Gettata l’àncora, andò a fermarsi fra i rami di una euforbia.
— Potete scendere — disse il tedesco, mentre Heggia lanciava la scala.
Il monarca, che era già stato sciolto dalle corde, si alzò traballando.
— Questo viaggio era così delizioso che lo avrei continuato fino al Kassongo — disse.
— Non sei più in collera con noi? — chiese El-Kabir, ridendo.

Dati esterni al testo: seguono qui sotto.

(* Let $\psi,\chi,\theta>0$ and $q\in(0,1)$. Let $N$ be mixed Poisson, $N\sim\mathrm{Poisson}(\Lambda)$ with $\Lambda\sim\mathrm{GIG}(\psi,\chi,\theta)$, and let $X_1,X_2,\dots$ be independent copies of $X\sim\mathrm{Geo}(1,q)$, independent of $N$; let $L=X_1+\dots+X_N$. Then $a_n=\mathbb{P}[L=n]$ satisfies \[ a_n\sim C\,\chi^{-\theta/2}D^{-\theta}(2n)^{\theta-1}z_1^{-n}\qquad(n\to\infty), \] where \[ C=\frac{\psi^{\theta/2}}{K_\theta(\sqrt{\chi\psi})},\qquad z_1=\frac{1}{1-\psi q/(2+\psi)},\qquad D=\frac{(2+\psi)(2+\psi(1-q))}{2q}. \]
   Context: $\mathrm{GIG}(\psi,\chi,\theta)$ is the generalized inverse Gaussian distribution; for $N\sim\mathrm{Poisson}(\Lambda)$ with such $\Lambda$ the probability generating function of $N$ is \[ \varphi_N(z)=\frac{\psi^{\theta/2}}{K_\theta(\sqrt{\psi\chi})}(\psi+2-2z)^{-\theta/2}K_\theta\big(\sqrt{\chi(\psi+2-2z)}\big), \] where $K_\theta$ is the modified Bessel function of the second kind. $\mathrm{Geo}(1,q)$ is the shifted geometric distribution $\mathbb{P}[X=k]=q(1-q)^{k-1}$, $k\ge1$, with probability generating function $\varphi_X(z)=\frac{qz}{1-(1-q)z}$. The probability generating function of $L$ is $\varphi_N(\varphi_X(z))$. *)

theory Defs
  imports "HOL-Probability.Probability"
begin

definition besselK :: "real \<Rightarrow> real \<Rightarrow> real" where
  "besselK \<nu> x = (1/2) * (LINT t:{0<..}|lborel. t powr (\<nu> - 1) * exp (- x / 2 * (t + 1 / t)))"

definition gig_density :: "real \<Rightarrow> real \<Rightarrow> real \<Rightarrow> real \<Rightarrow> real" where
  "gig_density \<psi> chi \<theta> x =
     (if x > 0 then (\<psi> / chi) powr (\<theta> / 2) / (2 * besselK \<theta> (sqrt (\<psi> * chi)))
        * x powr (\<theta> - 1) * exp (- (chi / x + \<psi> * x) / 2) else 0)"

definition mixed_poisson_gig :: "real \<Rightarrow> real \<Rightarrow> real \<Rightarrow> nat \<Rightarrow> real" where
  "mixed_poisson_gig \<psi> chi \<theta> k =
     (LINT l:{0<..}|lborel. pmf (poisson_pmf l) k * gig_density \<psi> chi \<theta> l)"

text \<open>Shifted geometric distribution Geo(1,q): P[X = k] = q (1-q)^(k-1), k >= 1.\<close>
definition geo1_pmf :: "real \<Rightarrow> nat pmf" where
  "geo1_pmf q = map_pmf Suc (geometric_pmf q)"

fun geo1_sum_pmf :: "real \<Rightarrow> nat \<Rightarrow> nat pmf" where
  "geo1_sum_pmf q 0 = return_pmf 0"
| "geo1_sum_pmf q (Suc k) = bind_pmf (geo1_sum_pmf q k) (\<lambda>s. map_pmf (\<lambda>x. s + x) (geo1_pmf q))"

text \<open>a_n = P[L = n], L = X_1 + ... + X_N with N independent of the X_i
  (law of total probability over N).\<close>
definition compound_prob :: "real \<Rightarrow> real \<Rightarrow> real \<Rightarrow> real \<Rightarrow> nat \<Rightarrow> real" where
  "compound_prob \<psi> chi \<theta> q n = (\<Sum>k. mixed_poisson_gig \<psi> chi \<theta> k * pmf (geo1_sum_pmf q k) n)"

end

theory Submission
  imports Defs "HOL-Real_Asymp.Real_Asymp"
begin

text \<open>
  Conditioning on \<open>N\<close>, \<open>a\<^sub>n = \<Sum>\<^sub>k P[N = k] P[X\<^sub>1 + \<dots> + X\<^sub>k = n]\<close>, and \<open>X\<^sub>1 + \<dots> + X\<^sub>k - k\<close>
  is negative binomial. With \<open>w = 1 + \<psi>/2\<close>, \<open>z = z\<^sub>1\<close> and \<open>p = 2q/(2 + \<psi> - \<psi>q)\<close> one has
  \<open>q = wp/z\<close> and \<open>1 - q = (1 - p)/z\<close>, which turns the sum into
  \<open>a\<^sub>m\<^sub>+\<^sub>1 = p z\<^sup>-\<^sup>m\<^sup>-\<^sup>1 E[g(1 + B\<^sub>m)]\<close> with \<open>B\<^sub>m ~ Bin(m, p)\<close> and \<open>g(k) = P[N = k] w\<^sup>k\<close>.
  Up to a constant, \<open>k! P[N = k]\<close> is the Gamma-type integral of \<open>\<lambda>\<^sup>k\<^sup>+\<^sup>\<theta>\<^sup>-\<^sup>1 e\<^sup>-\<^sup>w\<^sup>\<lambda>\<close> damped by
  \<open>exp(-\<chi>/(2\<lambda>))\<close>; the damping is negligible where the mass sits, so \<open>g(k) \<sim> c k\<^sup>\<theta>\<^sup>-\<^sup>1\<close>.
  Finally \<open>B\<^sub>m\<close> concentrates at \<open>mp\<close> (Hoeffding), hence \<open>E[g(1 + B\<^sub>m)] \<sim> c (mp)\<^sup>\<theta>\<^sup>-\<^sup>1\<close>.
\<close>

lemma Gamma_plus1_pos: "x > 0 \<Longrightarrow> Gamma (x + 1) = x * Gamma (x :: real)"
  by (rule Gamma_plus1) auto

lemma exp_minus_diff_eq: "exp (- a - b) = exp (- a) * exp (- (b::real))"
  by (simp add: exp_add[symmetric])

lemma powr_le_add_powr_of_bounds:
  fixes x lo hi a :: real
  assumes "0 < lo" and "lo \<le> x" and "x \<le> hi"
  shows "x powr a \<le> lo powr a + hi powr a"
proof (cases "a \<ge> 0")
  case True
  then have "x powr a \<le> hi powr a"
    using assms by (intro powr_mono2) auto
  then show ?thesis by (simp add: add_increasing)
next
  case False
  then have "x powr a \<le> lo powr a"
    using assms by (intro powr_mono2') auto
  then show ?thesis by (simp add: add_increasing2)
qed

lemma asymp_equiv_sequentially_Suc_iff:
  "(\<lambda>n. f (Suc n)) \<sim>[sequentially] (\<lambda>n. g (Suc n)) \<longleftrightarrow> f \<sim>[sequentially] g"
  unfolding asymp_equiv_def by (rule filterlim_sequentially_Suc)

— No — rispose il sultano.
— Sai ritornare al tuo villaggio?
— Conosco il paese.
— Ti restituiremo la tua scimitarra e ti daremo un paio di bottiglie che berrai strada facendo.
— E le mie pistole.
— Sono armi troppo pericolose in tua mano — disse Ottone.
— Non si sa mai! In un momento di cattivo umore potresti scaricarcele addosso.
— Avete torto a dubitare di me.
— Te le daremo al nostro ritorno.
— Ripasserete?
— Te lo promettiamo.
Il sultano, che pareva non conservasse alcun rancore per quella burla, prese la scimitarra e le due bottiglie e scese la scala seguito da Sokol, il quale era stato incaricato di liberare l’àncora.
I due europei e l’arabo, curvi sul parapetto, li seguivano con lo sguardo.
Quando furono a terra, il sultano fece con la mano un saluto agli aeronauti, poi fece alcuni passi.
D’improvviso fu veduto retrocedere, sfoderare la scimitarra, troncare con un solo colpo la corda dell’àncora, e quindi scagliarsi sul negro che gli volgeva le spalle.